American physician, author and historian from Pennsylvania

William Henry Egle (1830–1901) was a physician, author and historian who served as the State Librarian of the Commonwealth of Pennsylvania from 1887 to 1889. A practicing physician at the dawn of the American Civil War, he was initially commissioned as an assistant surgeon, and then served as a surgeon with several different Union Army regiments during the course of the conflict, including the 116th Regiment Infantry, U.S. Colored Troops (USCT).

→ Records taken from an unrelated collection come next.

lemma qprod_Un:
  assumes "S \<inter> S' = {}"
  shows "qprod c (S \<union> S') = qprod c S * qprod c S'"
proof (rule fps_eqI_agree)
  fix n
  have "fps_agree n (qprod c (S \<union> S')) (\<Prod>e\<in>(S \<union> S') \<inter> {1..n}. qfactor c e)"
    by (rule qprod_agree)
  also have "(S \<union> S') \<inter> {1..n} = (S \<inter> {1..n}) \<union> (S' \<inter> {1..n})"
    by blast
  also have "(\<Prod>e\<in>\<dots>. qfactor c e) = (\<Prod>e\<in>S \<inter> {1..n}. qfactor c e) * (\<Prod>e\<in>S' \<inter> {1..n}. qfactor c e)"
    using assms by (intro prod.union_disjoint) auto
  also have "fps_agree n \<dots> (qprod c S * qprod c S')"
    by (intro fps_agree_mult fps_agree_sym[OF qprod_agree])
  finally show "fps_agree n (qprod c (S \<union> S')) (qprod c S * qprod c S')" .
qed

lemma qprod_singleton:
  assumes "0 < e"
  shows "qprod c {e} = qfactor c e"
proof (rule fps_eqI_agree)
  fix n
  have "fps_agree n (\<Prod>x\<in>{e}. qfactor c x) (qprod c {e})"
    by (rule prod_qfactor_agree_qprod) (use assms in auto)
  then show "fps_agree n (qprod c {e}) (qfactor c e)"
    by (simp add: fps_agree_sym)
qed

lemma qfactor_mult_qfactor_minus: "qfactor c e * qfactor (- c) e = qfactor (- c\<^sup>2) (2 * e)"
  unfolding qfactor_def fps_const_neg [symmetric] fps_const_power [symmetric]
  by (simp add: algebra_simps power2_eq_square power_mult del: fps_const_neg fps_const_mult)

lemma qprod_double: "qprod (- c\<^sup>2) ((*) 2 ` S) = qprod c S * qprod (- c) S"
proof (rule fps_eqI_agree)
  fix n
  let ?S = "S \<inter> {1..n}"
  have "fps_agree n (qprod (- c\<^sup>2) ((*) 2 ` S)) (\<Prod>e\<in>(*) 2 ` ?S. qfactor (- c\<^sup>2) e)"
  proof (rule fps_agree_sym, rule prod_qfactor_agree_qprod)
    show "(*) 2 ` ?S \<inter> {..n} = (*) 2 ` S \<inter> {1..n}"
      by (auto simp: image_iff)
  qed auto
  also have "(\<Prod>e\<in>(*) 2 ` ?S. qfactor (- c\<^sup>2) e) = (\<Prod>e\<in>?S. qfactor c e * qfactor (- c) e)"
    by (subst prod.reindex) (auto simp: inj_on_def qfactor_mult_qfactor_minus)
  also have "\<dots> = (\<Prod>e\<in>?S. qfactor c e) * (\<Prod>e\<in>?S. qfactor (- c) e)"
    by (rule prod.distrib)
  also have "fps_agree n \<dots> (qprod c S * qprod (- c) S)"
    by (intro fps_agree_mult fps_agree_sym[OF qprod_agree])
  finally show "fps_agree n (qprod (- c\<^sup>2) ((*) 2 ` S)) (qprod c S * qprod (- c) S)" .
qed

section \<open>Arithmetic progressions and $q$-Pochhammer symbols\<close>

definition progression :: "nat \<Rightarrow> nat \<Rightarrow> nat set" where
  "progression a m = range (\<lambda>i. a + i * m)"

lemma progression_double: "progression (2 * a) (2 * m) = (*) 2 ` progression a m"
  by (auto simp: progression_def image_image algebra_simps)

lemma progression_split_parity:
  assumes "0 < m"
  shows "progression a m = progression a (2 * m) \<union> progression (a + m) (2 * m)"
    and "progression a (2 * m) \<inter> progression (a + m) (2 * m) = {}"
proof -
  have "a + i * m \<in> progression a (2 * m) \<union> progression (a + m) (2 * m)" for i
  proof (cases "even i")
    case True
    then obtain k where "i = 2 * k"
      by blast
    then have "a + i * m = a + k * (2 * m)"
      by simp
    then show ?thesis
      by (auto simp: progression_def)
  next
    case False
    then obtain k where "i = 2 * k + 1"
      by (blast elim: oddE)
    then have "a + i * m = (a + m) + k * (2 * m)"
      by (simp add: algebra_simps)
    then show ?thesis
      by (auto simp: progression_def)
  qed
  moreover have "a + (2 * k) * m \<in> progression a m" "a + (2 * k + 1) * m \<in> progression a m" for k
    unfolding progression_def by (rule range_eqI, rule refl)+
  ultimately show "progression a m = progression a (2 * m) \<union> progression (a + m) (2 * m)"
    by (auto simp: progression_def algebra_simps)
  have "a + i * (2 * m) \<noteq> (a + m) + j * (2 * m)" for i j
  proof
    assume "a + i * (2 * m) = (a + m) + j * (2 * m)"
    then have "m * (2 * i) = m * (2 * j + 1)"
      by (simp add: algebra_simps)
    then have "2 * i = 2 * j + 1"
      using assms by (metis mult_left_cancel not_gr0)
    then show False
      by presburger
  qed
  then show "progression a (2 * m) \<inter> progression (a + m) (2 * m) = {}"
    by (auto simp: progression_def)
qed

Post-war, he garnered the respect of colleagues in his respective fields of endeavor, particularly so for his body of work which documented Pennsylvania's history from its founding through the late 19th century – excerpts of which continued to be reprinted in newspapers following his death in 1901 and are still cited as references by present-day historians and professional genealogists. His death was "deeply mourned" by many, according to historian Luther Reily Kelker, who said of Egle, "few brighter, nobler types of manhood have ever adorned the generations of men in the Keystone State."

==Formative years==
Born in Harrisburg, Pennsylvania on September 17, 1830, William Henry Egle was a son of Pennsylvania natives John Egle (1798–1834) and Elizabeth (von Treupel) Egle (1810–1841). Reared in Dauphin County, Pennsylvania, he was compelled to relocate to the home of his paternal grandmother in 1834, following the sudden death of his father. Educated initially in the county's public schools, he then spent two years at the Harrisburg Military Institute.

As a 20-year-old during the summer of 1850, he was one of several young men working as a printer for, and living with, master printer Theophilus Ferne in Harrisburg's West Ward. During his three years with the Pennsylvania Telegraph, he worked his way up to become foreman and then state printer. He then began his medical studies under the training of Harrisburg physician Charles D. Bombaugh, M.D. Supporting his training through employment as a teacher and mail clerk, he enrolled in 1857 for formal studies with the medical department at the University of Pennsylvania, graduating from there in March 1859. Once back home in Harrisburg, he opened a private medical practice.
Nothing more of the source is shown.